INSTRUCTIONS TO FOLLOW:
For the entries that follow, restate word for word the line containing "(\<forall>i. Suc i", the line containing "xs \<longleftrightarrow> is_path V E xs \<and>", and every line that lies between them.

DATA SUPPLIED START

(* Let $\Gamma$ be a finite graph with $m$ vertices endowed with a total order $\prec$ on $V(\Gamma)$, let $p:\tilde\Gamma\to\Gamma$ be a covering, and let $F$ be a finite nonempty subset of $V(\tilde\Gamma)$. Then there exists an induced subgraph $\Lambda$ of $\tilde\Gamma$ with $|V(\Lambda)|\leqslant|F|\cdot2^{m-1}$ such that $\phi=p|_\Lambda:\Lambda\to\Gamma$ has SIPL for $F$ (with respect to $\prec$). Furthermore, if the induced subgraph of $\tilde\Gamma$ on $F$ is connected, then $\Lambda$ can be chosen to be connected.
   Context: All graphs are undirected and simplicial ($\tilde\Gamma$ may be infinite). A map of graphs sends vertices to vertices and adjacent vertices to adjacent vertices. A covering $p:\tilde\Gamma\to\Gamma$ is a surjective map of graphs whose restriction to the set of neighbours of each vertex $v'$ is a bijection onto the set of neighbours of $p(v')$. A path in $\Gamma$ is a tuple $(v_0,\dots,v_k)$ of pairwise distinct vertices with $\{v_i,v_{i+1}\}$ an edge for all $i$; it is semi-induced (w.r.t. $\prec$) if $\{v_i,v_j\}$ is not an edge whenever $j\ge i+2$ and $v_j\prec v_{i+1}$. For a map of graphs $\phi:\Lambda\to\Gamma$, a lift of $(v_0,\dots,v_k)$ is a path $(v_0',\dots,v_k')$ in $\Lambda$ with $\phi(v_i')=v_i$. $\phi$ has SIPL for $F\subseteq V(\Lambda)$ if for each $v'\in F$ every semi-induced path in $\Gamma$ starting at $\phi(v')$ has a lift to $\Lambda$ starting at $v'$. *)

theory Defs
  imports Main
begin

definition graph :: "'a set \<Rightarrow> ('a \<Rightarrow> 'a \<Rightarrow> bool) \<Rightarrow> bool" where
  "graph V E \<longleftrightarrow> (\<forall>u v. E u v \<longrightarrow> u \<in> V \<and> v \<in> V) \<and>
                  (\<forall>u v. E u v \<longrightarrow> E v u) \<and> (\<forall>v. \<not> E v v)"

definition neighbours :: "('a \<Rightarrow> 'a \<Rightarrow> bool) \<Rightarrow> 'a \<Rightarrow> 'a set" where
  "neighbours E v = {u. E v u}"

definition graph_map ::
  "'b set \<Rightarrow> ('b \<Rightarrow> 'b \<Rightarrow> bool) \<Rightarrow> 'a set \<Rightarrow> ('a \<Rightarrow> 'a \<Rightarrow> bool) \<Rightarrow> ('b \<Rightarrow> 'a) \<Rightarrow> bool" where
  "graph_map V' E' V E f \<longleftrightarrow> f ` V' \<subseteq> V \<and> (\<forall>u v. E' u v \<longrightarrow> E (f u) (f v))"

definition covering ::
  "'b set \<Rightarrow> ('b \<Rightarrow> 'b \<Rightarrow> bool) \<Rightarrow> 'a set \<Rightarrow> ('a \<Rightarrow> 'a \<Rightarrow> bool) \<Rightarrow> ('b \<Rightarrow> 'a) \<Rightarrow> bool" where
  "covering V' E' V E p \<longleftrightarrow> graph_map V' E' V E p \<and> p ` V' = V \<and>
     (\<forall>v\<in>V'. bij_betw p (neighbours E' v) (neighbours E (p v)))"

definition is_path :: "'a set \<Rightarrow> ('a \<Rightarrow> 'a \<Rightarrow> bool) \<Rightarrow> 'a list \<Rightarrow> bool" where
  "is_path V E xs \<longleftrightarrow> xs \<noteq> [] \<and> set xs \<subseteq> V \<and> distinct xs \<and>
     (\<forall>i. Suc i < length xs \<longrightarrow> E (xs ! i) (xs ! Suc i))"

definition semi_induced :: "'a set \<Rightarrow> ('a \<Rightarrow> 'a \<Rightarrow> bool) \<Rightarrow> ('a \<Rightarrow> 'a \<Rightarrow> bool) \<Rightarrow> 'a list \<Rightarrow> bool" where
  "semi_induced V E lt xs \<longleftrightarrow> is_path V E xs \<and>
     (\<forall>i j. j < length xs \<longrightarrow> i + 2 \<le> j \<longrightarrow> lt (xs ! j) (xs ! Suc i) \<longrightarrow> \<not> E (xs ! i) (xs ! j))"

definition induced_edges :: "('a \<Rightarrow> 'a \<Rightarrow> bool) \<Rightarrow> 'a set \<Rightarrow> 'a \<Rightarrow> 'a \<Rightarrow> bool" where
  "induced_edges E L u v \<longleftrightarrow> u \<in> L \<and> v \<in> L \<and> E u v"

definition is_lift ::
  "'b set \<Rightarrow> ('b \<Rightarrow> 'b \<Rightarrow> bool) \<Rightarrow> ('b \<Rightarrow> 'a) \<Rightarrow> 'a list \<Rightarrow> 'b list \<Rightarrow> bool" where
  "is_lift L EL phi xs ys \<longleftrightarrow> is_path L EL ys \<and> map phi ys = xs"

definition SIPL ::
  "'b set \<Rightarrow> ('b \<Rightarrow> 'b \<Rightarrow> bool) \<Rightarrow> 'a set \<Rightarrow> ('a \<Rightarrow> 'a \<Rightarrow> bool) \<Rightarrow> ('a \<Rightarrow> 'a \<Rightarrow> bool)
     \<Rightarrow> ('b \<Rightarrow> 'a) \<Rightarrow> 'b set \<Rightarrow> bool" where
  "SIPL L EL V E lt phi F \<longleftrightarrow>
     (\<forall>v'\<in>F. \<forall>xs. semi_induced V E lt xs \<and> hd xs = phi v' \<longrightarrow>
        (\<exists>ys. is_lift L EL phi xs ys \<and> hd ys = v'))"

definition connected_graph :: "'a set \<Rightarrow> ('a \<Rightarrow> 'a \<Rightarrow> bool) \<Rightarrow> bool" where
  "connected_graph V E \<longleftrightarrow> (\<forall>u\<in>V. \<forall>v\<in>V. \<exists>xs. is_path V E xs \<and> hd xs = u \<and> last xs = v)"

definition strict_total_order_on :: "'a set \<Rightarrow> ('a \<Rightarrow> 'a \<Rightarrow> bool) \<Rightarrow> bool" where
  "strict_total_order_on V lt \<longleftrightarrow> (\<forall>x\<in>V. \<not> lt x x) \<and>
     (\<forall>x\<in>V. \<forall>y\<in>V. \<forall>z\<in>V. lt x y \<longrightarrow> lt y z \<longrightarrow> lt x z) \<and>
     (\<forall>x\<in>V. \<forall>y\<in>V. x \<noteq> y \<longrightarrow> lt x y \<or> lt y x)"

end

theory Submission
  imports Defs "HOL-Library.Transitive_Closure_Table"
begin

(* Take for \<Lambda> the subgraph induced on the endpoints of all lifts, starting in F, of
   semi-induced paths of \<Gamma>. Lifts along a covering always exist and their prefixes are
   again such lifts, so these lifts stay inside \<Lambda> and SIPL holds. A semi-induced path
   is determined by its first vertex and its vertex set, since each next vertex is the
   \<prec>-least neighbour of the current one among the vertices still to come; and a lift is
   determined by its start and its image. Hence each v \<in> F contributes at most as many
   endpoints as there are subsets of V(\<Gamma>) containing p v, namely 2^(m-1). Every vertex of
   \<Lambda> is joined to F inside \<Lambda>, which gives connectedness. *)

lemma all_nat_Suc_conv: "(\<forall>i::nat. P i) \<longleftrightarrow> P 0 \<and> (\<forall>i. P (Suc i))"
  by (metis nat.exhaust)

lemma is_path_singleton [simp]: "is_path V E [a] \<longleftrightarrow> a \<in> V"
  by (simp add: is_path_def)

lemma is_path_Cons_Cons:
  "is_path V E (a # b # xs) \<longleftrightarrow> a \<in> V \<and> a \<notin> set (b # xs) \<and> E a b \<and> is_path V E (b # xs)"
  unfolding is_path_def by (auto simp: All_less_Suc2)

lemma semi_induced_Cons_Cons:
  "semi_induced V E lt (a # b # xs) \<longleftrightarrow>
     is_path V E (a # b # xs) \<and> (\<forall>c\<in>set xs. lt c b \<longrightarrow> \<not> E a c) \<and> semi_induced V E lt (b # xs)"
  unfolding semi_induced_def
  by (subst all_nat_Suc_conv) (auto simp: All_less_Suc2 is_path_Cons_Cons all_set_conv_all_nth)

lemma is_path_take: "is_path V E xs \<Longrightarrow> 0 < n \<Longrightarrow> is_path V E (take n xs)"
  unfolding is_path_def by (auto dest: in_set_takeD)

lemma semi_induced_take: "semi_induced V E lt xs \<Longrightarrow> 0 < n \<Longrightarrow> semi_induced V E lt (take n xs)"
  unfolding semi_induced_def by (auto simp: is_path_take)

lemma is_path_induced_edges:
  "is_path V E xs \<Longrightarrow> set xs \<subseteq> L \<Longrightarrow> is_path L (induced_edges E L) xs"
  unfolding is_path_def induced_edges_def by (auto simp: subset_iff)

DATA SUPPLIED END

RESPONSE AREA:
     (\<forall>i. Suc i < length xs \<longrightarrow> E (xs ! i) (xs ! Suc i))"

definition semi_induced :: "'a set \<Rightarrow> ('a \<Rightarrow> 'a \<Rightarrow> bool) \<Rightarrow> ('a \<Rightarrow> 'a \<Rightarrow> bool) \<Rightarrow> 'a list \<Rightarrow> bool" where
  "semi_induced V E lt xs \<longleftrightarrow> is_path V E xs \<and>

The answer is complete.